(Directions) Look below for the line containing "text \<open>A finite"; from there through the line containing "dim_mod W UNIV.\<close>", both lines included, please set down each line exactly and nothing else.

(Provided information)
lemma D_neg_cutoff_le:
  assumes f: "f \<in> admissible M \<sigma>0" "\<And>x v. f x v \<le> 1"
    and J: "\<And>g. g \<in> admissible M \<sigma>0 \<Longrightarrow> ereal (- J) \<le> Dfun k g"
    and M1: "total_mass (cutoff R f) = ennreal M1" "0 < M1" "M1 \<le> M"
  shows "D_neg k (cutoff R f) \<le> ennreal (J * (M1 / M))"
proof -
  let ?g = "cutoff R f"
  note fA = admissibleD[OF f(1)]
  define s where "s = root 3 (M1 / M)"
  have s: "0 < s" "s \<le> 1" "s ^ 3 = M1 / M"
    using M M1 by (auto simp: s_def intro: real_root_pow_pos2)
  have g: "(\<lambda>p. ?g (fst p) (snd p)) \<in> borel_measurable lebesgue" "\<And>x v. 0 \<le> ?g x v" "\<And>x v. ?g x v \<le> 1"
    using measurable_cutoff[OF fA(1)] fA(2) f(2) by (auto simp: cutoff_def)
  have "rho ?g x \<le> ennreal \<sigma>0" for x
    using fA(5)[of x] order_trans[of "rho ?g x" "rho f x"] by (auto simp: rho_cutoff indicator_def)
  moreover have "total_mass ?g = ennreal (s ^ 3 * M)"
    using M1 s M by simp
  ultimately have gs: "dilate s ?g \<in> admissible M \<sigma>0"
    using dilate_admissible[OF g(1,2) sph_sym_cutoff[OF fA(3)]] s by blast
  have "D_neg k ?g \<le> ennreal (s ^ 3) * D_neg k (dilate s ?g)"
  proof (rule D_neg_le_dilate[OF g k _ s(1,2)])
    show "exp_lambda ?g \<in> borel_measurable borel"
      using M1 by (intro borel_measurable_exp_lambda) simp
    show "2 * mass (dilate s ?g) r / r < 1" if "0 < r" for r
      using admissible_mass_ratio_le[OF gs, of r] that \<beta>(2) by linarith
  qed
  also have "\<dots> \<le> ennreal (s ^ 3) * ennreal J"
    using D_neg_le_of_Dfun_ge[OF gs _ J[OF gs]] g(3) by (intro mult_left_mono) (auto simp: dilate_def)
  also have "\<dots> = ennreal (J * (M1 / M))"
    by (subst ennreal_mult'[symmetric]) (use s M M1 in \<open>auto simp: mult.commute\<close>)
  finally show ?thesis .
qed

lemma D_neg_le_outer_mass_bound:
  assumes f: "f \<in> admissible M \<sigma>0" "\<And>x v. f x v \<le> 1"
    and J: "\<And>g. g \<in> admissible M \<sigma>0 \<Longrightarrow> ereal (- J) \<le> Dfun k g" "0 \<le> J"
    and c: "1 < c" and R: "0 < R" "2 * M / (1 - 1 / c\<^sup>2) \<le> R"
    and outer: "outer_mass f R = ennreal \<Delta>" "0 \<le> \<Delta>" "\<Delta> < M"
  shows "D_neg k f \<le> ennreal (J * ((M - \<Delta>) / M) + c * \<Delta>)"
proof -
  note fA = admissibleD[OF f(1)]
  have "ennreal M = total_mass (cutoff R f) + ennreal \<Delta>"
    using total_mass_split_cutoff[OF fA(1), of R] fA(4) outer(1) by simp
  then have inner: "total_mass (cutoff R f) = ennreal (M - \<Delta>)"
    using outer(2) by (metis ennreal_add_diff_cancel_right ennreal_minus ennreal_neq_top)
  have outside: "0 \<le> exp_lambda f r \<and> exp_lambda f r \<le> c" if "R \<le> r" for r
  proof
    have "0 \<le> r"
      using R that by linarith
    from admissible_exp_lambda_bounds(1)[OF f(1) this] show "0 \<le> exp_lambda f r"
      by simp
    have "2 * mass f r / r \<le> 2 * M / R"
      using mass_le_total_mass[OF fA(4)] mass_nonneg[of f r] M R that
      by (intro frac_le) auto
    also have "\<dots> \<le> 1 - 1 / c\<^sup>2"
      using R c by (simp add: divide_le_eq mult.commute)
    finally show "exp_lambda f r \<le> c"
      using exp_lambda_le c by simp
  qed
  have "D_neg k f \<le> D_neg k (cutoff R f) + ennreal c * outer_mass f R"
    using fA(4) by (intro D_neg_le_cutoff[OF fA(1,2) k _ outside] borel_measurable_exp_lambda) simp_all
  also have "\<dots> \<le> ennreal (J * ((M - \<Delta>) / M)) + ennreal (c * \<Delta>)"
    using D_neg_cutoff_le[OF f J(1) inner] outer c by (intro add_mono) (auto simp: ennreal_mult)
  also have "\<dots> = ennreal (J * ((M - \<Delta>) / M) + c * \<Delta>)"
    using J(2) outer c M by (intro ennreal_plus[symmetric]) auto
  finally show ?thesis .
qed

* * *

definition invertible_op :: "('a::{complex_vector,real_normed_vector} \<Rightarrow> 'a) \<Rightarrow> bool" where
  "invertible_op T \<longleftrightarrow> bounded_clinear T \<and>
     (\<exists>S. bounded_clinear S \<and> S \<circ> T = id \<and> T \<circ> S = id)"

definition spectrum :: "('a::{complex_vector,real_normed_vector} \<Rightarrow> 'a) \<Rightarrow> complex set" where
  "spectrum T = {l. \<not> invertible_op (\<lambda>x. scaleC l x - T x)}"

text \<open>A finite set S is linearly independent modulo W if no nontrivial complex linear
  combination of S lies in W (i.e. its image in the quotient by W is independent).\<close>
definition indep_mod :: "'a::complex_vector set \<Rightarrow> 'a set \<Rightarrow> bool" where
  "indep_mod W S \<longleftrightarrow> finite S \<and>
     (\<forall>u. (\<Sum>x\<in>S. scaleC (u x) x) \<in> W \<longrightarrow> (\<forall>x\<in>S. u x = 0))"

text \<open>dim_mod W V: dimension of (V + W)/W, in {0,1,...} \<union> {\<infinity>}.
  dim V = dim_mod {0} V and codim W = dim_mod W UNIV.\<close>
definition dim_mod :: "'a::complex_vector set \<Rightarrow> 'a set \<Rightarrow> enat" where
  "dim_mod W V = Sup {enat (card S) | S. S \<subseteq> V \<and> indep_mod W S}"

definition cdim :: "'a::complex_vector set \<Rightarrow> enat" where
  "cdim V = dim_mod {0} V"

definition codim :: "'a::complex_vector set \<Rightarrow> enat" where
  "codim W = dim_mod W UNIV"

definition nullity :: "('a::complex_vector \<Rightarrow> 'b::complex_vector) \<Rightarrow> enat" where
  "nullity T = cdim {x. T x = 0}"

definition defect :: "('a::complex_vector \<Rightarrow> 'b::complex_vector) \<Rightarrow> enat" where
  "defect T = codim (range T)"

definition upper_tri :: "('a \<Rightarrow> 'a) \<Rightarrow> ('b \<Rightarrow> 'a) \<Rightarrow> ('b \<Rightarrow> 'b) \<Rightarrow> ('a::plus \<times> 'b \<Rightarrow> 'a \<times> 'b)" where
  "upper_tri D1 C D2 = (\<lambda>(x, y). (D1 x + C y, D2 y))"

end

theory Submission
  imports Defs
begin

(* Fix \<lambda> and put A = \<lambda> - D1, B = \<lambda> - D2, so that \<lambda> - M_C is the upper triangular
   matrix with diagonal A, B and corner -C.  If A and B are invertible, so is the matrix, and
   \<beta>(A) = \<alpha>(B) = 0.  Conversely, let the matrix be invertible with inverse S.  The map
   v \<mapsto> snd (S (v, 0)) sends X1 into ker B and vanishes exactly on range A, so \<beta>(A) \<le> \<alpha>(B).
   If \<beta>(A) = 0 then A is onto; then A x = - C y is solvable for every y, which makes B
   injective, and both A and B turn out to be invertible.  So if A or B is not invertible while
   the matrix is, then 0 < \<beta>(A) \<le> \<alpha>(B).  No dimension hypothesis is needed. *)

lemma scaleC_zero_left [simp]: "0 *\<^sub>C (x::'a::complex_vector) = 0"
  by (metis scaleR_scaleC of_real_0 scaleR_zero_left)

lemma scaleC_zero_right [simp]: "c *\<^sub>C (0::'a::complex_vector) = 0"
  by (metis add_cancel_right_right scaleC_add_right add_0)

(Task answer)
text \<open>A finite set S is linearly independent modulo W if no nontrivial complex linear
  combination of S lies in W (i.e. its image in the quotient by W is independent).\<close>
definition indep_mod :: "'a::complex_vector set \<Rightarrow> 'a set \<Rightarrow> bool" where
  "indep_mod W S \<longleftrightarrow> finite S \<and>
     (\<forall>u. (\<Sum>x\<in>S. scaleC (u x) x) \<in> W \<longrightarrow> (\<forall>x\<in>S. u x = 0))"

text \<open>dim_mod W V: dimension of (V + W)/W, in {0,1,...} \<union> {\<infinity>}.
  dim V = dim_mod {0} V and codim W = dim_mod W UNIV.\<close>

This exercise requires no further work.